Lords warn of 'unacceptable risk' over EU arrest scheme
Failure to strike a new deal on the extradition of criminal suspects after Brexit would pose an “unacceptable risk” to the UK, a committee of peers has declared.
Britain must negotiate a replacement to the European Arrest Warrant (EAW) in time for leaving the EU in March 2019, according to the EU Home Affairs Sub-Committee.
Under the terms of the EAW, EU member states must arrest and transfer suspects to the country where they are wanted for trial or detention.
Chair of the committee Lord Jay said member states had transported some 1,000 individuals since the EAW was set up - including would-be terror attackers.
But the report warned of a “cliff edge” after Brexit - especially since the Government wishes to cut all ties to the European Court of Justice, which oversees the warrant.
"An operational gap between the European Arrest Warrant ceasing to apply and a suitable replacement coming into force would pose an unacceptable risk," it said.
Lord Jay added: "Less than three years ago, Theresa May, in her role as home secretary, opted to maintain the UK's involvement in the European Arrest Warrant, thereby accepting the European Court of Justice's role in overseeing the European Arrest Warrant.
"She stated that it was in the national interest to retain cooperation with other EU countries in order to keep the British public safe.

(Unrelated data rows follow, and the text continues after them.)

lemma supp_norming_on_slice:
  assumes x: "x \<in> V g \<inter> sphere 0 1" and \<psi>: "\<psi> \<in> supp Z \<Delta> g x"
    and z: "z \<in> SZ Z" "g' \<noteq> g" "norm (z g') = 1"
  obtains L where "L \<in> dual_sphere (V g)" "L x = 1" "\<psi> (\<Delta> z) = L (z g)"
proof -
  interpret \<psi>: bounded_linear \<psi> using \<psi> unfolding supp_def by simp
  define f where "f v = \<psi> (\<Delta> (z(g := v)))" for v
  have slice: "z(g := v) \<in> SZ Z" if "v \<in> V g \<inter> cball 0 1" for v
    using fun_upd_in_SZ[OF z(1), of v g g'] that z by auto
  have affine: "f (\<alpha> *\<^sub>R u + (1 - \<alpha>) *\<^sub>R w) = \<alpha> * f u + (1 - \<alpha>) * f w"
    if "u \<in> V g \<inter> cball 0 1" "w \<in> V g \<inter> cball 0 1" "\<alpha> \<in> {0..1}" for u w \<alpha>
    using \<Delta>_affine_on_slice[OF z that] by (simp add: f_def \<psi>.add \<psi>.scaleR)
  have bounded: "\<bar>f v\<bar> \<le> 1" if "v \<in> V g \<inter> cball 0 1" for v
    using onorm[OF \<psi>.bounded_linear_axioms, of "\<Delta> (z(g := v))"] \<psi> norm_\<Delta>[OF slice[OF that]]
    unfolding f_def supp_def by simp
  have x_ball: "x \<in> V g \<inter> cball 0 1" "- x \<in> V g \<inter> cball 0 1"
    using x subspace_V by (auto simp: subspace_neg)
  have "z(g := x) \<in> Aset Z g x" using slice[OF x_ball(1)] unfolding Aset_def by simp
  then have fx: "f x = 1" using \<psi> unfolding f_def supp_def by blast
  have "z(g := - x) \<in> Aset Z g (- x)" using slice[OF x_ball(2)] unfolding Aset_def by simp
  then have "f (- x) = - 1" unfolding f_def by (rule supp_on_antipodal_Aset[OF x \<psi>])
  then have "f 0 = 0" using affine[OF x_ball, of "1/2"] fx by simp
  then interpret affine_on_unit_ball "V g" f
    using subspace_V affine by unfold_locales auto
  show thesis
  proof
    show "radial_extension \<in> dual_sphere (V g)"
      using radial_extension_in_dual_sphere bounded x fx by auto
    show "radial_extension x = 1" using radial_extension_on_ball x_ball(1) fx by simp
    show "\<psi> (\<Delta> z) = radial_extension (z g)"
      using radial_extension_on_ball[of "z g"] SZ_in_V SZ_norm_le_1 z(1) by (simp add: f_def)
  qed
qed
(* Consider the nonpreemptive Lazy Bureaucrat Problem in which every job has unit processing time ($t_1=\cdots=t_n=1$) and all data are integers. The Latest Due Date (LDD) policy — at each integer time $\tau$ at which the processor is free, if some job is executable at $\tau$, start an executable job with the largest deadline (ties broken arbitrarily) — produces a feasible schedule that minimizes objective (1), the total amount of executed work, over all feasible schedules.
   Context: An instance of the Lazy Bureaucrat Problem (LBP) consists of jobs $1,\dots,n$; job $i$ has a processing time $t_i$, an arrival time $a_i$ and a deadline $d_i$, all nonnegative integers. Its critical time is $c_i=d_i-t_i$. A single processor (the bureaucrat) processes at most one job at a time. In the nonpreemptive setting, a schedule chooses a set of executed jobs and, for each executed job $i$, a start time $s_i$ with $a_i\le s_i\le c_i$; job $i$ is then processed without interruption during $[s_i,s_i+t_i)$, these intervals are pairwise disjoint, and each job is executed at most once. A job $i$ is executable at time $\tau$ if it has not been started before $\tau$ and $a_i\le\tau\le c_i$. A schedule is feasible if it satisfies the busy requirement: at every time $\tau$ at which the processor is not processing a job, no job is executable. Objective (1) is the total time spent working, $\sum t_i$ over executed jobs, to be minimized over feasible schedules. *)

theory Defs
  imports Main "HOL.Real"
begin

(* Jobs are 0..n-1; processing times t, arrival times a, deadlines d are
   nonnegative integers (nat). A schedule is a set E of executed jobs together
   with (real-valued) start times s. *)

definition crit :: "(nat \<Rightarrow> nat) \<Rightarrow> (nat \<Rightarrow> nat) \<Rightarrow> nat \<Rightarrow> real" where
  "crit t d i = real (d i) - real (t i)"

definition executable ::
  "nat \<Rightarrow> (nat \<Rightarrow> nat) \<Rightarrow> (nat \<Rightarrow> nat) \<Rightarrow> (nat \<Rightarrow> nat) \<Rightarrow> nat set \<Rightarrow> (nat \<Rightarrow> real) \<Rightarrow> nat \<Rightarrow> real \<Rightarrow> bool" where
  "executable n t a d E s i \<tau> \<longleftrightarrow>
     i < n \<and> \<not> (i \<in> E \<and> s i < \<tau>) \<and> real (a i) \<le> \<tau> \<and> \<tau> \<le> crit t d i"

definition busy :: "(nat \<Rightarrow> nat) \<Rightarrow> nat set \<Rightarrow> (nat \<Rightarrow> real) \<Rightarrow> real \<Rightarrow> bool" where
  "busy t E s \<tau> \<longleftrightarrow> (\<exists>i\<in>E. s i \<le> \<tau> \<and> \<tau> < s i + real (t i))"

definition schedule ::
  "nat \<Rightarrow> (nat \<Rightarrow> nat) \<Rightarrow> (nat \<Rightarrow> nat) \<Rightarrow> (nat \<Rightarrow> nat) \<Rightarrow> nat set \<Rightarrow> (nat \<Rightarrow> real) \<Rightarrow> bool" where
  "schedule n t a d E s \<longleftrightarrow>
     E \<subseteq> {..<n} \<and>
     (\<forall>i\<in>E. real (a i) \<le> s i \<and> s i \<le> crit t d i) \<and>
     (\<forall>i\<in>E. \<forall>j\<in>E. i \<noteq> j \<longrightarrow>
        {s i..<s i + real (t i)} \<inter> {s j..<s j + real (t j)} = {})"

definition feasible ::
  "nat \<Rightarrow> (nat \<Rightarrow> nat) \<Rightarrow> (nat \<Rightarrow> nat) \<Rightarrow> (nat \<Rightarrow> nat) \<Rightarrow> nat set \<Rightarrow> (nat \<Rightarrow> real) \<Rightarrow> bool" where
  "feasible n t a d E s \<longleftrightarrow>
     schedule n t a d E s \<and>
     (\<forall>\<tau>::real. \<not> busy t E s \<tau> \<longrightarrow> \<not> (\<exists>i. executable n t a d E s i \<tau>))"

definition work :: "(nat \<Rightarrow> nat) \<Rightarrow> nat set \<Rightarrow> nat" where
  "work t E = (\<Sum>i\<in>E. t i)"

abbreviation unit_t :: "nat \<Rightarrow> nat" where
  "unit_t \<equiv> (\<lambda>_. 1)"

(* A schedule produced by the LDD policy (unit processing times): jobs start only
   at integer times; at every integer time tau (where the processor is free, which
   with unit jobs at integer starts is every integer time), if some job is
   executable then a job is started at tau, and the started job has the largest
   deadline among the jobs executable at tau (ties arbitrary). *)
definition LDD_schedule ::
  "nat \<Rightarrow> (nat \<Rightarrow> nat) \<Rightarrow> (nat \<Rightarrow> nat) \<Rightarrow> nat set \<Rightarrow> (nat \<Rightarrow> real) \<Rightarrow> bool" where
  "LDD_schedule n a d E s \<longleftrightarrow>
     schedule n unit_t a d E s \<and>
     (\<forall>i\<in>E. s i \<in> \<int>) \<and>
     (\<forall>\<tau>::int.
        (\<forall>i\<in>E. s i = real_of_int \<tau> \<longrightarrow>
            (\<forall>j. executable n unit_t a d E s j (real_of_int \<tau>) \<longrightarrow> d j \<le> d i)) \<and>
        ((\<exists>j. executable n unit_t a d E s j (real_of_int \<tau>)) \<longrightarrow>
            (\<exists>i\<in>E. s i = real_of_int \<tau>)))"

end

theory Submission
  imports Defs
begin

(* Feasibility: LDD starts unit jobs at integer times only, and a job executable at a real
   time \<tau> is already executable at \<lfloor>\<tau>\<rfloor>, where LDD starts some job that covers \<tau>.

   Optimality: every feasible schedule S' is busy at every LDD start time k.  Otherwise let
   t0 < k be the last integer slot in which LDD does not start a job with deadline \<ge> d x,
   where x is the LDD job started at k.  The LDD jobs of the slots t0+1, ..., k all have
   deadline \<ge> d x, and by the LDD rule none of them had arrived by t0.  Since S' is idle at
   k, it must have completed all these k - t0 jobs inside [t0+1, k), which holds only
   k - t0 - 1 unit jobs.  Hence the map sending an LDD job to the job S' is processing at
   its start time is well defined, and it is injective because LDD jobs start at distinct
   integers. *)

lemma schedule_finite: "schedule n t a d E s \<Longrightarrow> finite E"
  unfolding schedule_def by (meson finite_lessThan finite_subset)

lemma unit_schedule_separated:
  assumes "schedule n unit_t a d E s" "i \<in> E" "j \<in> E" "i \<noteq> j"
  shows "s j + 1 \<le> s i \<or> s i + 1 \<le> s j"
proof (rule ccontr)
  assume "\<not> ?thesis"
  then have "max (s i) (s j) \<in> {s i..<s i + 1} \<inter> {s j..<s j + 1}" by auto
  moreover have "{s i..<s i + 1} \<inter> {s j..<s j + 1} = {}"
    using assms unfolding schedule_def by auto
  ultimately show False by blast
qed

lemma unit_schedule_inj_on_start:
  assumes "schedule n unit_t a d E s"
  shows "inj_on s E"
  by (rule inj_onI) (use unit_schedule_separated[OF assms] in force)

lemma card_le_if_separated:
  fixes A :: "real set" and l u :: int
  assumes sub: "A \<subseteq> {of_int l..<of_int u}"
    and sep: "\<And>x y. x \<in> A \<Longrightarrow> y \<in> A \<Longrightarrow> x \<noteq> y \<Longrightarrow> 1 \<le> \<bar>x - y\<bar>"
  shows "card A \<le> nat (u - l)"
proof -
  have "inj_on floor A"
  proof (rule inj_onI, rule ccontr)
    fix x y assume "x \<in> A" "y \<in> A" "\<lfloor>x\<rfloor> = \<lfloor>y\<rfloor>" "x \<noteq> y"
    then have "1 \<le> \<bar>x - y\<bar>" using sep by blast
    moreover have "of_int \<lfloor>x\<rfloor> \<le> x" "x < of_int \<lfloor>x\<rfloor> + 1"
      and "of_int \<lfloor>y\<rfloor> \<le> y" "y < of_int \<lfloor>y\<rfloor> + 1" by linarith+
    ultimately show False using \<open>\<lfloor>x\<rfloor> = \<lfloor>y\<rfloor>\<close> by linarith
  qed
  moreover have "floor ` A \<subseteq> {l..<u}"
    using sub by (auto simp: le_floor_iff floor_less_iff)
  ultimately have "card A \<le> card {l..<u}" by (rule card_inj_on_le) simp
  then show ?thesis by simp
qed

lemma feasible_idle_imp_finished:
  assumes "feasible n t a d E s" "\<not> busy t E s \<tau>"
    and "j < n" "real (a j) \<le> \<tau>" "\<tau> \<le> crit t d j"
  shows "j \<in> E \<and> s j + real (t j) \<le> \<tau>"
proof -
  have "\<not> executable n t a d E s j \<tau>" using assms(1,2) unfolding feasible_def by blast
  then have "j \<in> E" "s j < \<tau>" using assms(3-5) unfolding executable_def by auto
  with assms(2) show ?thesis unfolding busy_def by force
qed

lemma LDD_schedule_feasible:
  assumes L: "LDD_schedule n a d E s"
  shows "feasible n unit_t a d E s"
proof -
  have starts: "\<exists>i\<in>E. s i = of_int \<tau>" if "executable n unit_t a d E s j (of_int \<tau>)" for j \<tau>
    using L that unfolding LDD_schedule_def by blast
  have "\<not> executable n unit_t a d E s j \<tau>" if idle: "\<not> busy unit_t E s \<tau>" for j \<tau>
  proof
    assume ex: "executable n unit_t a d E s j \<tau>"
    define k where "k = \<lfloor>\<tau>\<rfloor>"
    have k: "of_int k \<le> \<tau>" "\<tau> < of_int k + 1" unfolding k_def by linarith+
    have "int (a j) \<le> k" using ex unfolding k_def executable_def by (simp add: le_floor_iff)
    then have "real (a j) \<le> of_int k" by (metis of_int_le_iff of_int_of_nat_eq)
    then have "executable n unit_t a d E s j (of_int k)"
      using ex k unfolding executable_def by auto
    then obtain i where "i \<in> E" "s i = of_int k" using starts by blast
    with k have "busy unit_t E s \<tau>" unfolding busy_def by force
    with idle show False by blast
  qed
  then show ?thesis using L unfolding feasible_def LDD_schedule_def by blast
qed

lemma LDD_arrival_after_slot:
  assumes L: "LDD_schedule n a d E s" and j: "j \<in> E" "of_int \<tau> < s j"
    and slot: "\<forall>i\<in>E. s i = of_int \<tau> \<longrightarrow> d i < d j"
  shows "of_int \<tau> < real (a j)"
proof (rule ccontr)
  assume "\<not> ?thesis"
  moreover have "j < n" "s j \<le> crit unit_t d j"
    using L j unfolding LDD_schedule_def schedule_def by auto
  ultimately have ex: "executable n unit_t a d E s j (of_int \<tau>)"
    using j unfolding executable_def by auto
  then obtain i where i: "i \<in> E" "s i = of_int \<tau>"
    using L unfolding LDD_schedule_def by blast
  then have "d j \<le> d i" using L ex unfolding LDD_schedule_def by blast
  with slot i show False by force
qed

lemma LDD_job_done_in_idle_feasible:
  assumes L: "LDD_schedule n a d E s" and F: "feasible n unit_t a d E' s'"
    and idle: "\<not> busy unit_t E' s' (of_int k)"
    and j: "j \<in> E" "of_int t0 < s j" "s j \<le> of_int k" "of_int k \<le> crit unit_t d j"
    and slot: "\<forall>i\<in>E. s i = of_int t0 \<longrightarrow> d i < d j"
  shows "j \<in> E' \<and> of_int (t0 + 1) \<le> s' j \<and> s' j + 1 \<le> of_int k"
proof -
  have "j < n" "real (a j) \<le> s j" using L j(1) unfolding LDD_schedule_def schedule_def by auto
  then have E': "j \<in> E' \<and> s' j + 1 \<le> of_int k"
    using feasible_idle_imp_finished[OF F idle] j(3,4) by auto
  have "of_int t0 < real (a j)" using LDD_arrival_after_slot[OF L j(1,2) slot] .
  then have "t0 < int (a j)" by (metis of_int_less_iff of_int_of_nat_eq)
  then have "of_int (t0 + 1) \<le> real (a j)" by (metis add1_zle_eq of_int_le_iff of_int_of_nat_eq)
  also have "\<dots> \<le> s' j" using F E' unfolding feasible_def schedule_def by auto
  finally show ?thesis using E' by blast
qed

lemma obtain_last_int_below:
  fixes l k :: int
  assumes "P l" "l < k"
  obtains t where "t < k" "P t" "\<And>u. t < u \<Longrightarrow> u < k \<Longrightarrow> \<not> P u"
proof -
  define T where "T = {t \<in> {l..<k}. P t}"
  have "finite T" unfolding T_def by (rule finite_subset[of _ "{l..<k}"]) auto
  moreover have "l \<in> T" using assms unfolding T_def by simp
  ultimately have max: "Max T \<in> T" and ge: "\<And>u. u \<in> T \<Longrightarrow> u \<le> Max T" by (auto intro: Max_in)
  have "\<not> P u" if "Max T < u" "u < k" for u
    using that max ge[of u] unfolding T_def by fastforce
  moreover have "Max T < k" "P (Max T)" using max unfolding T_def by auto
  ultimately show ?thesis using that by blast
qed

"Now as then, the safety of the people of the UK should be the Government's overriding consideration.
"In March 2017, the Home Secretary, Amber Rudd, said that it was a priority for the Government to ensure that we remain part of the European Arrest Warrant arrangement.
"This is welcome, but it was not clear to the committee how this objective will be compatible with the Government's plans to remove the jurisdiction of the court of justice, let alone other aspects of the UK's withdrawal from the European Union."